Для того, чтобы с VLAN-ом можно было работать на роутере (напр. назначить ip-адрес или добавить dhcp-сервер) и вообще взаимодействовать с ним на роутере, необходимо в VLAN добавить самого себя – bridge для того, чтобы с него снять тэг, настроить sub-интерфейс, на котором в свою очередь будут настроены ip-адреса, dhcp-серверы и пр. Так же добавляется порт ether3, которым текущий коммутатор подключен к соседнему коммутатору.

Или командой:

/interface bridge VLAN add bridge=bridge1 tagged=bridge1,ether5 VLAN-ids=2

Для просмотра созданных VLAN можно воспользоваться командой:

/interface bridge VLAN print

Следующим шагом будет создание VLAN интерфейса, на который будет назначаться ip-адрес, для этого в разделе Interfaces -> VLAN (Рис. 47.5)

При создании интерфейса указываем Name (bridge.2 – на линуксовый манер, в котором указывается имя интерфейса и через точку номер VLAN), VLAN ID (2), Interface (bridge) – интерфейс, на котором будет сниматься тегированный VLAN.

Командой:

/interface VLAN add name=bridge.2 VLAN-id=2 interface=bridge

Далее необходимо на интерфейс назначить ip-адрес, для этого в разделе IP->Addresses добавляем новый адрес: 192.168.188.1/24 и указываем sub-интерфейс bridge.2(Рис. 47.6).

Командой:

/ip address add address=192.168.188.1/24 interface=bridge.2

На другом устройстве необходимо повторить те же действия (Рис. 47.7).

Указание bridge1 в тегированных портах необходимо для получения ip-адреса на данном устройстве. Так же необходимо добавить DHCP-клиент на sub-интерфейсе, для этого в разделе IP->DHCP-client создается новый клиент (Рис.47.8).

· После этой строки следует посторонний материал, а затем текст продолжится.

lemma h2_bloch_deriv:
  assumes "-1 < y" "y < 1"
  shows "((\<lambda>y. h2 ((1 + y) / 2)) has_real_derivative (ln ((1 - y) / 2) - ln ((1 + y) / 2)) / (2 * ln 2)) (at y)"
proof -
  let ?f = "\<lambda>z. - ((1 + z) / 2 * ln ((1 + z) / 2) + (1 - z) / 2 * ln ((1 - z) / 2)) / ln 2"
  have "eventually (\<lambda>z. z \<in> {-1<..<1}) (nhds y)"
    using assms by (intro eventually_nhds_in_open) auto
  then have ev: "eventually (\<lambda>z. h2 ((1 + z) / 2) = ?f z) (nhds y)"
  proof eventually_elim
    case (elim z)
    have half: "1 - (1 + z) / 2 = (1 - z) / 2"
      by (simp add: field_simps)
    show ?case
      using elim unfolding h2_def half by (simp add: eta_def log_def field_simps)
  qed
  have "((\<lambda>z. (1 + z) / 2 * ln ((1 + z) / 2)) has_real_derivative (ln ((1 + y) / 2) + 1) / 2) (at y)"
    and "((\<lambda>z. (1 - z) / 2 * ln ((1 - z) / 2)) has_real_derivative - (ln ((1 - y) / 2) + 1) / 2) (at y)"
    using assms by (auto intro!: derivative_eq_intros simp: field_simps)
  then have "(?f has_real_derivative - ((ln ((1 + y) / 2) + 1) / 2 + - (ln ((1 - y) / 2) + 1) / 2) / ln 2) (at y)"
    by (intro DERIV_cdivide DERIV_minus DERIV_add)
  moreover have "- ((ln ((1 + y) / 2) + 1) / 2 + - (ln ((1 - y) / 2) + 1) / 2) / ln 2
      = (ln ((1 - y) / 2) - ln ((1 + y) / 2)) / (2 * ln 2)"
    by (simp add: field_simps)
  ultimately show ?thesis
    using DERIV_cong_ev [OF refl ev] by simp
qed

text \<open>For \<open>r > 1\<close>, \<open>eta\<close> vanishes at the negative argument \<open>(1 - r) / 2\<close> by convention.\<close>

lemma h2_bloch_antimono:
  fixes r s :: real
  assumes "0 \<le> r" "r \<le> s"
  shows "h2 ((1 + s) / 2) \<le> h2 ((1 + r) / 2)"
proof (cases "s < 1")
  case True
  show ?thesis
  proof (rule DERIV_nonpos_imp_nonincreasing [OF assms(2)])
    fix y assume "r \<le> y" "y \<le> s"
    then have y: "-1 < y" "y < 1" "0 \<le> y"
      using assms True by auto
    then have "ln ((1 - y) / 2) \<le> ln ((1 + y) / 2)"
      by simp
    then show "\<exists>d. ((\<lambda>y. h2 ((1 + y) / 2)) has_real_derivative d) (at y) \<and> d \<le> 0"
      using h2_bloch_deriv [OF y(1,2)] by (intro exI conjI) (auto intro: divide_nonpos_pos)
  qed
next
  case False
  then have s: "h2 ((1 + s) / 2) = - ((1 + s) / 2) * log 2 ((1 + s) / 2)"
    by (simp add: h2_def eta_def)
  show ?thesis
  proof (cases "r < 1")
    case True
    then have "0 \<le> h2 ((1 + r) / 2)"
      using assms unfolding h2_def by (intro add_nonneg_nonneg eta_nonneg) auto
    moreover have "h2 ((1 + s) / 2) \<le> 0"
      using False unfolding s by simp
    ultimately show ?thesis
      by linarith
  next
    case False
    then have "h2 ((1 + r) / 2) = - ((1 + r) / 2) * log 2 ((1 + r) / 2)"
      by (simp add: h2_def eta_def)
    moreover have "(1 + r) / 2 * log 2 ((1 + r) / 2) \<le> (1 + s) / 2 * log 2 ((1 + s) / 2)"
      using False assms by (intro mult_mono) auto
    ultimately show ?thesis
      using s by simp
  qed
qed

subsection \<open>Measuring qubit B\<close>

lemma ptrace_B_post_meas_rho_AB:
  assumes n: "n \<in> carrier_vec 3" "n \<bullet> n = 1" and k: "k < 2"
  shows "ptrace_B (post_meas (rho_AB x t) n k)
       = (1/4) \<cdot>\<^sub>m (1\<^sub>m 2 + dot_sigma (x + (-1) ^ k \<cdot>\<^sub>v (Tmat t *\<^sub>v n)))"
proof -
  have "n $ 0 * n $ 0 + n $ 1 * n $ 1 + n $ 2 * n $ 2 = 1"
    using n by (simp add: scalar_prod_vec3)
  then have unit: "complex_of_real (n $ 0) * complex_of_real (n $ 0)
      + complex_of_real (n $ Suc 0) * complex_of_real (n $ Suc 0)
      + complex_of_real (n $ 2) * complex_of_real (n $ 2) = 1"
    by (metis (mono_tags) One_nat_def of_real_1 of_real_add of_real_mult)
  show ?thesis (is "?L = ?R")
  proof (rule eq_matI)
    fix i j
    assume "i < dim_row ?R" "j < dim_col ?R"
    then have "i = 0 \<or> i = Suc 0" "j = 0 \<or> j = Suc 0" "k = 0 \<or> k = Suc 0"
      using k by auto
    \<comment> \<open>each of the eight entries is a polynomial identity modulo the unit length of \<open>n\<close>\<close>
    then show "?L $$ (i, j) = ?R $$ (i, j)"
      apply (elim disjE; (hypsubst_thin)+)
             apply (simp_all add: ptrace_B_def post_meas_def index_mult_mat_lessThan kron_index proj_B_def
          rho_AB_def sum_lessThan_2 sum_lessThan_4 Tmat_mult_vec_index n
          del: index_mult_mat(1) index_mult_mat_vec)
             apply (simp_all add: field_simps)
       apply (rule rev_mp [OF unit], Groebner_Basis.algebra)+
      done
  qed simp_all
qed

lemma meas_prob_rho_AB:
  assumes "n \<in> carrier_vec 3" "n \<bullet> n = 1" "k < 2"
  shows "meas_prob (rho_AB x t) n k = 1/2"
proof -
  have "meas_prob (rho_AB x t) n k = Re (mtrace (ptrace_B (post_meas (rho_AB x t) n k)))"
    unfolding meas_prob_def by (simp add: mtrace_ptrace_B post_meas_def)
  then show ?thesis
    by (simp add: ptrace_B_post_meas_rho_AB [OF assms] mtrace_2x2 field_simps)
qed

lemma rho_A_cond_rho_AB:
  assumes "n \<in> carrier_vec 3" "n \<bullet> n = 1" "k < 2"
  shows "rho_A_cond (rho_AB x t) n k = (1/2) \<cdot>\<^sub>m (1\<^sub>m 2 + dot_sigma (x + (-1) ^ k \<cdot>\<^sub>v (Tmat t *\<^sub>v n)))"
  unfolding rho_A_cond_def meas_prob_rho_AB [OF assms] ptrace_B_post_meas_rho_AB [OF assms]
  by (rule eq_matI) simp_all

lemma scalar_prod_add_smult_self:
  fixes x w :: "'a :: comm_ring_1 vec"
  assumes "x \<in> carrier_vec n" "w \<in> carrier_vec n" "x \<bullet> w = 0" "s * s = 1"
  shows "(x + s \<cdot>\<^sub>v w) \<bullet> (x + s \<cdot>\<^sub>v w) = x \<bullet> x + w \<bullet> w"
  using assms by (simp add: add_scalar_prod_distrib [of _ n] scalar_prod_add_distrib [of _ n]
      comm_scalar_prod [of w n x] mult.assoc [symmetric])

lemma cond_entropy_rho_AB:
  assumes x: "x \<in> carrier_vec 3" and orth: "transpose_mat (Tmat t) *\<^sub>v x = 0\<^sub>v 3"
    and n: "n \<in> carrier_vec 3" "n \<bullet> n = 1"
  shows "cond_entropy (rho_AB x t) n
       = h2 ((1 + sqrt (x \<bullet> x + (Tmat t *\<^sub>v n) \<bullet> (Tmat t *\<^sub>v n))) / 2)"
proof -
  have Tn: "Tmat t *\<^sub>v n \<in> carrier_vec 3"
    by (rule mult_mat_vec_carrier [OF Tmat_carrier n(1)])
  have "x \<bullet> (Tmat t *\<^sub>v n) = (transpose_mat (Tmat t) *\<^sub>v x) \<bullet> n"
    using transpose_vec_mult_scalar [OF Tmat_carrier n(1) x] by simp
  then have orth': "x \<bullet> (Tmat t *\<^sub>v n) = 0"
    using orth n by simp
  have "vn_entropy (rho_A_cond (rho_AB x t) n k)
      = h2 ((1 + sqrt (x \<bullet> x + (Tmat t *\<^sub>v n) \<bullet> (Tmat t *\<^sub>v n))) / 2)" if "k < 2" for k
  proof -
    have "(-1) ^ k * (-1) ^ k = (1::real)"
      by (simp flip: power_add)
    then have "(x + (-1) ^ k \<cdot>\<^sub>v (Tmat t *\<^sub>v n)) \<bullet> (x + (-1) ^ k \<cdot>\<^sub>v (Tmat t *\<^sub>v n))
        = x \<bullet> x + (Tmat t *\<^sub>v n) \<bullet> (Tmat t *\<^sub>v n)"
      by (rule scalar_prod_add_smult_self [OF x Tn orth'])
    moreover have "x + (-1) ^ k \<cdot>\<^sub>v (Tmat t *\<^sub>v n) \<in> carrier_vec 3"
      using x Tn by simp
    ultimately show ?thesis
      unfolding rho_A_cond_rho_AB [OF n that] by (simp add: vn_entropy_bloch)
  qed
  then show ?thesis
    unfolding cond_entropy_def sum_lessThan_2 by (simp add: meas_prob_rho_AB [OF n])
qed

subsection \<open>The largest correlation\<close>

definition tmax :: "real vec \<Rightarrow> real" where
  "tmax t = Max {\<bar>t $ i\<bar> | i. i < 3}"

lemma tmax_set_eq: "{\<bar>t $ i\<bar> | i. i < 3} = (\<lambda>i. \<bar>t $ i\<bar>) ` {..<3}"
  by auto

lemma abs_le_tmax: "i < 3 \<Longrightarrow> \<bar>t $ i\<bar> \<le> tmax t"
  unfolding tmax_def tmax_set_eq by (intro Max_ge) auto

lemma tmax_attained: "\<exists>i<3. \<bar>t $ i\<bar> = tmax t"
proof -
  have "tmax t \<in> (\<lambda>i. \<bar>t $ i\<bar>) ` {..<3}"
    unfolding tmax_def tmax_set_eq by (intro Max_in) (auto simp: lessThan_empty_iff)
  then show ?thesis
    by auto
qed

lemma scalar_prod_self_nonneg: "0 \<le> v \<bullet> (v :: 'a :: linordered_idom vec)"
  by (simp add: scalar_prod_def sum_nonneg)

lemma scalar_prod_mult_mat_vec_self:
  fixes A :: "'a :: comm_semiring_0 mat"
  assumes A: "A \<in> carrier_mat m k" and v: "v \<in> carrier_vec k"
  shows "(A *\<^sub>v v) \<bullet> (A *\<^sub>v v) = v \<bullet> ((transpose_mat A * A) *\<^sub>v v)"
proof -
  have "(transpose_mat A * A) *\<^sub>v v = transpose_mat A *\<^sub>v (A *\<^sub>v v)"
    using A v by simp
  then have "v \<bullet> ((transpose_mat A * A) *\<^sub>v v) = (transpose_mat A *\<^sub>v (A *\<^sub>v v)) \<bullet> v"
    using A v by (simp add: comm_scalar_prod [of _ k])
  also have "\<dots> = (A *\<^sub>v v) \<bullet> (A *\<^sub>v v)"
    by (rule transpose_vec_mult_scalar [OF A v mult_mat_vec_carrier [OF A v]])
  finally show ?thesis
    by (rule sym)
qed

lemma Tmat_mult_vec_self_le:
  assumes n: "n \<in> carrier_vec 3" "n \<bullet> n = 1"
  shows "(Tmat t *\<^sub>v n) \<bullet> (Tmat t *\<^sub>v n) \<le> (tmax t)\<^sup>2"
proof -
  have sq: "(t $ i)\<^sup>2 \<le> (tmax t)\<^sup>2" if "i < 3" for i
    using abs_le_tmax [OF that] by (metis abs_ge_zero power2_abs power_mono)
  have Tn: "Tmat t *\<^sub>v n \<in> carrier_vec 3"
    by (rule mult_mat_vec_carrier [OF Tmat_carrier n(1)])
  have "(Tmat t *\<^sub>v n) \<bullet> (Tmat t *\<^sub>v n) = (t $ 0)\<^sup>2 * (n $ 0)\<^sup>2 + (t $ 1)\<^sup>2 * (n $ 1)\<^sup>2 + (t $ 2)\<^sup>2 * (n $ 2)\<^sup>2"
    unfolding scalar_prod_vec3 [OF Tn Tn]
    using n by (simp add: Tmat_mult_vec_index power2_eq_square del: index_mult_mat_vec)
  also have "\<dots> \<le> (tmax t)\<^sup>2 * (n $ 0)\<^sup>2 + (tmax t)\<^sup>2 * (n $ 1)\<^sup>2 + (tmax t)\<^sup>2 * (n $ 2)\<^sup>2"
    by (intro add_mono mult_right_mono sq) auto
  also have "\<dots> = (tmax t)\<^sup>2 * (n \<bullet> n)"
    using n(1) by (simp add: scalar_prod_vec3 power2_eq_square algebra_simps)
  finally show ?thesis
    using n by simp
qed

lemma Tmat_gram: "transpose_mat (Tmat t) * Tmat t = Tmat (vec 3 (\<lambda>i. (t $ i)\<^sup>2))"
  by (rule eq_matI) (auto simp: Tmat_def scalar_prod_def atLeast0_lessThan_Suc eval_nat_numeral
      less_Suc_eq power2_eq_square)

lemma Tmat_mult_unit_vec: "i < 3 \<Longrightarrow> Tmat s *\<^sub>v unit_vec 3 i = s $ i \<cdot>\<^sub>v unit_vec 3 i"
  by (rule eq_vecI) (simp_all add: Tmat_mult_vec_index del: index_mult_mat_vec)

theorem mainTheorem3:
  fixes x t :: "real vec"
  assumes "x \<in> carrier_vec 3" and "t \<in> carrier_vec 3"
    and "density_matrix 4 (rho_AB x t)"
    and "transpose_mat (Tmat t) *\<^sub>v x = 0\<^sub>v 3"
  shows "(\<forall>n \<in> carrier_vec 3. n \<bullet> n = 1 \<longrightarrow>
            h2 ((1 + sqrt (x \<bullet> x + (Max {\<bar>t $ i\<bar> | i. i < 3})\<^sup>2)) / 2) \<le> cond_entropy (rho_AB x t) n)
       \<and> (\<exists>n \<in> carrier_vec 3. n \<bullet> n = 1 \<and>
            (transpose_mat (Tmat t) * Tmat t) *\<^sub>v n = (Max {\<bar>t $ i\<bar> | i. i < 3})\<^sup>2 \<cdot>\<^sub>v n)
       \<and> (\<forall>n \<in> carrier_vec 3. n \<bullet> n = 1 \<longrightarrow>
            (transpose_mat (Tmat t) * Tmat t) *\<^sub>v n = (Max {\<bar>t $ i\<bar> | i. i < 3})\<^sup>2 \<cdot>\<^sub>v n \<longrightarrow>
            cond_entropy (rho_AB x t) n = h2 ((1 + sqrt (x \<bullet> x + (Max {\<bar>t $ i\<bar> | i. i < 3})\<^sup>2)) / 2))"
proof -
  note cond = cond_entropy_rho_AB [OF assms(1,4)]
  have lower: "h2 ((1 + sqrt (x \<bullet> x + (tmax t)\<^sup>2)) / 2) \<le> cond_entropy (rho_AB x t) n"
    if "n \<in> carrier_vec 3" "n \<bullet> n = 1" for n
    unfolding cond [OF that] using Tmat_mult_vec_self_le [OF that]
    by (intro h2_bloch_antimono) (simp_all add: add_nonneg_nonneg scalar_prod_self_nonneg)
  obtain i where i: "i < 3" "\<bar>t $ i\<bar> = tmax t"
    using tmax_attained by blast
  then have "(t $ i)\<^sup>2 = (tmax t)\<^sup>2"
    by (metis power2_abs)
  with i(1) have eigen: "(transpose_mat (Tmat t) * Tmat t) *\<^sub>v unit_vec 3 i = (tmax t)\<^sup>2 \<cdot>\<^sub>v unit_vec 3 i"
    by (simp add: Tmat_gram Tmat_mult_unit_vec)
  have attained: "cond_entropy (rho_AB x t) n = h2 ((1 + sqrt (x \<bullet> x + (tmax t)\<^sup>2)) / 2)"
    if "n \<in> carrier_vec 3" "n \<bullet> n = 1"
      and "(transpose_mat (Tmat t) * Tmat t) *\<^sub>v n = (tmax t)\<^sup>2 \<cdot>\<^sub>v n" for n
    using cond [OF that(1,2)] scalar_prod_mult_mat_vec_self [OF Tmat_carrier that(1)] that by simp
  show ?thesis
    unfolding tmax_def [symmetric] using lower eigen attained i(1) by (auto intro!: bexI [of _ "unit_vec 3 i"])
qed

Подобная настройка необходима для того, чтобы работа с VLAN происходила не глобально на бридже, а на тех портах, на которых было разрешение.

Для проверки можно как проверить полученный адрес на устройстве (Рис. 47.10), так и пропинговать устройство (Рис. 47.11).

В случаях, когда возникает необходимость настроить интерфейсы, что будут принадлежать к нужному VLAN, необходимо в разделе bridge назначить конкретному интерфейсу конкретный VLAN (Рис. 47.12)

В итоге, все устройства, подключенные к интерфейсу wlan1, автоматически будут попадать в необходимую сеть. Подключенные устройства можно просмотреть на вкладке Bridge -> Hosts, как на первом коммутаторе, так и на втором (Рис. 47.13).

По тому же принципу могут настраиваться гостевые сети.

Итоги

Для настройки VLAN необходимо выполнить несколько шагов:

1. Необходимо разметить порты по принадлежности к тому или иному VLAN (Рис. 47.4).
2. Создание sub-интерфейса VLAN с необходимым VLAN ID на бридже (Рис. 47.5).
3. Добавить ip-адрес в Address List и повесить его на созданный интерфейс (Рис. 47.6), настроить необходимые службы.
4. Включение Bridge VLAN Filtering.

В современной версии RouterOS нет необходимости создавать несколько бриджей для разделения L2 доменов на разделение на разные домены, это делается с помощью VLAN-ов. Так же при создании нескольких бриджей, есть вероятность, что работать аппаратно будет только один, т. е. работа с Hardware Offloading будет возможна только на 1 бридже (актуально для коммутаторов 3й серии).

На этом базовая настройка VLAN в Mikrotik завершена.